There are a lot of MapR customers already using big data for analytics and security. For example, Cisco has built a security appliance called security intelligence operations, and it’s like a brain in the sky that’s watching all the Cisco firewalls across the world at the same time. If they detect a threat, let’s say in Singapore, and they are able to manage it automatically or with some operator intervention, the system learns how to do that. And let’s say 15 minutes later, a same threat occurs in South Africa, the system already knows how to handle it because it has already learned the response. So, it’s analyzing packets continuously to determine whether this is a threat, how it is happening, and how to deal with it automatically. This is already in production and is using MapR.
Large security firms also use MapR to monitor Internet traffic and detect traffic anomalies. If you analyze all the Internet traffic in New Delhi, you might want to know if certain portion, 5% for example, was diverted to some other country, via some other foreign routers, and for how long. These security applications can handle issues on a country-wide scale. You can imagine the amount of data—how many cell phones, messages, IP traffic is there in a metropolitan or regional scale. And all of that is being analyzed by big data today for security.

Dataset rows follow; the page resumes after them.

lemma index_mult_mult_adjoint:
  fixes A H :: "'a::conjugatable_field mat"
  assumes "A \<in> carrier_mat m m" "H \<in> carrier_mat m m" "k < m" "l < m"
  shows "(A * H * mat_adjoint A) $$ (k,l) = (\<Sum>a<m. A $$ (k,a) * (\<Sum>b<m. conjugate (A $$ (l,b)) * H $$ (a,b)))"
proof -
  have "(A * H * mat_adjoint A) $$ (k,l) = (\<Sum>b<m. (\<Sum>a<m. A $$ (k,a) * H $$ (a,b)) * conjugate (A $$ (l,b)))"
    using assms by (simp add: scalar_prod_def atLeast0LessThan)
  also have "\<dots> = (\<Sum>a<m. A $$ (k,a) * (\<Sum>b<m. conjugate (A $$ (l,b)) * H $$ (a,b)))"
    unfolding sum_distrib_left sum_distrib_right by (subst sum.swap) (simp add: ac_simps)
  finally show ?thesis .
qed

context vec_space
begin

lemma span_family_subset:
  assumes J: "finite J" and H: "H ` J \<subseteq> carrier_vec n" and G: "G ` K \<subseteq> carrier_vec n"
    and coeff: "\<And>k r. k \<in> K \<Longrightarrow> r < n \<Longrightarrow> G k $ r = (\<Sum>j\<in>J. a k j * H j $ r)"
  shows "span (G ` K) \<subseteq> span (H ` J)"
proof -
  have "G k \<in> span (H ` J)" if k: "k \<in> K" for k
  proof -
    define b where "b x = (\<Sum>j\<in>{j\<in>J. H j = x}. a k j)" for x
    have "lincomb b (H ` J) = G k"
    proof (rule eq_vecI)
      fix r assume "r < dim_vec (G k)"
      then have r: "r < n" using G k by auto
      have "lincomb b (H ` J) $ r = (\<Sum>x\<in>H ` J. \<Sum>j\<in>{j\<in>J. H j = x}. a k j * H j $ r)"
        unfolding lincomb_index[OF r H] b_def sum_distrib_right by (rule sum.cong) auto
      also have "\<dots> = G k $ r"
        unfolding coeff[OF k r] by (rule sum.image_gen[OF J, symmetric])
      finally show "lincomb b (H ` J) $ r = G k $ r" .
    next
      show "dim_vec (lincomb b (H ` J)) = dim_vec (G k)"
        using lincomb_dim[OF finite_imageI[OF J] H] G k by auto
    qed
    from in_spanI[OF this[symmetric] finite_imageI[OF J] subset_refl]
    show ?thesis .
  qed
  then show ?thesis
    by (intro span_subsetI[OF H]) blast
qed

lemma dim_span_le_card:
  assumes "S \<subseteq> carrier_vec n" "finite S"
  shows "vectorspace.dim class_ring (span_vs S) \<le> card S"
proof -
  obtain U where U: "maximal U (\<lambda>T. T \<subseteq> S \<and> lin_indpt T)"
    using maximal_exists[of "\<lambda>T. T \<subseteq> S \<and> lin_indpt T" "card S" "{}"] assms
    by (meson card_mono empty_iff empty_subsetI finite_lin_indpt2 rev_finite_subset)
  have "card U \<le> card S"
    using U assms by (simp add: card_mono maximal_def)
  then show ?thesis
    using dim_span[OF assms U] by simp
qed

lemma coeff_zero_if_dim_span_eq_card:
  assumes K: "finite K" and G: "G ` K \<subseteq> carrier_vec n"
    and dim: "vectorspace.dim class_ring (span_vs (G ` K)) = card K"
    and zero: "\<And>r. r < n \<Longrightarrow> (\<Sum>k\<in>K. c k * G k $ r) = 0"
    and k: "k \<in> K"
  shows "c k = 0"
proof (rule ccontr)
  assume ck: "c k \<noteq> 0"
  have inj: "inj_on G K"
  proof -
    have "card K \<le> card (G ` K)"
      using dim_span_le_card[OF G] dim K by simp
    then show ?thesis
      using card_image_le[OF K, of G] by (intro eq_card_imp_inj_on[OF K]) linarith
  qed
  then have "lin_indpt (G ` K)"
    using full_dim_span[OF G] dim K by (simp add: card_image)
  moreover
  define b where "b x = c (inv_into K G x)" for x
  have "lincomb b (G ` K) = 0\<^sub>v n"
  proof (rule eq_vecI)
    fix r assume "r < dim_vec (0\<^sub>v n :: 'a vec)"
    then have r: "r < n" by simp
    have "lincomb b (G ` K) $ r = (\<Sum>k\<in>K. c k * G k $ r)"
      unfolding lincomb_index[OF r G] by (simp add: sum.reindex[OF inj] b_def inv_into_f_f[OF inj])
    then show "lincomb b (G ` K) $ r = 0\<^sub>v n $ r" using zero[OF r] r by simp
  qed (use lincomb_dim[OF finite_imageI[OF K] G] in simp)
  then have "lin_dep (G ` K)"
    unfolding lin_dep_def using K k ck
    by (intro exI[of _ "G ` K"] exI[of _ b] exI[of _ "G k"]) (auto simp: b_def inv_into_f_f[OF inj])
  ultimately show False by simp
qed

What are the benefits of Hadoop as a platform in business analytics?
Every business needs analytics. If you don’t do analytics, you are flying blind. Businesses have to know how how their top line is performing. We have over 700 customers who are doing all kinds of interesting things. Many customers are growing their revenue using Hadoop, others are managing and reducing risk and optimizing their costs. For example, some retailers are using Hadoop to figure out how to keep their inventory.
These companies know the traffic patterns, behavior on their website, and social media content can indicate how many products will be sold in their stores. They also want to have those items in stock which have a high likelihood of being sold. For example, one of the largest medical health insurance companies in the US was trying to run a query on Teradata on about 900 mn records and a 24-table join, with a four page long SQL query; it would run for three weeks and would not complete. They tried it on MapR and the analysis was completed in an hour. That query alone was worth several million dollars for them for fraud detection. These results are phenomenal, but by no means are results like these out of the ordinary for Hadoop.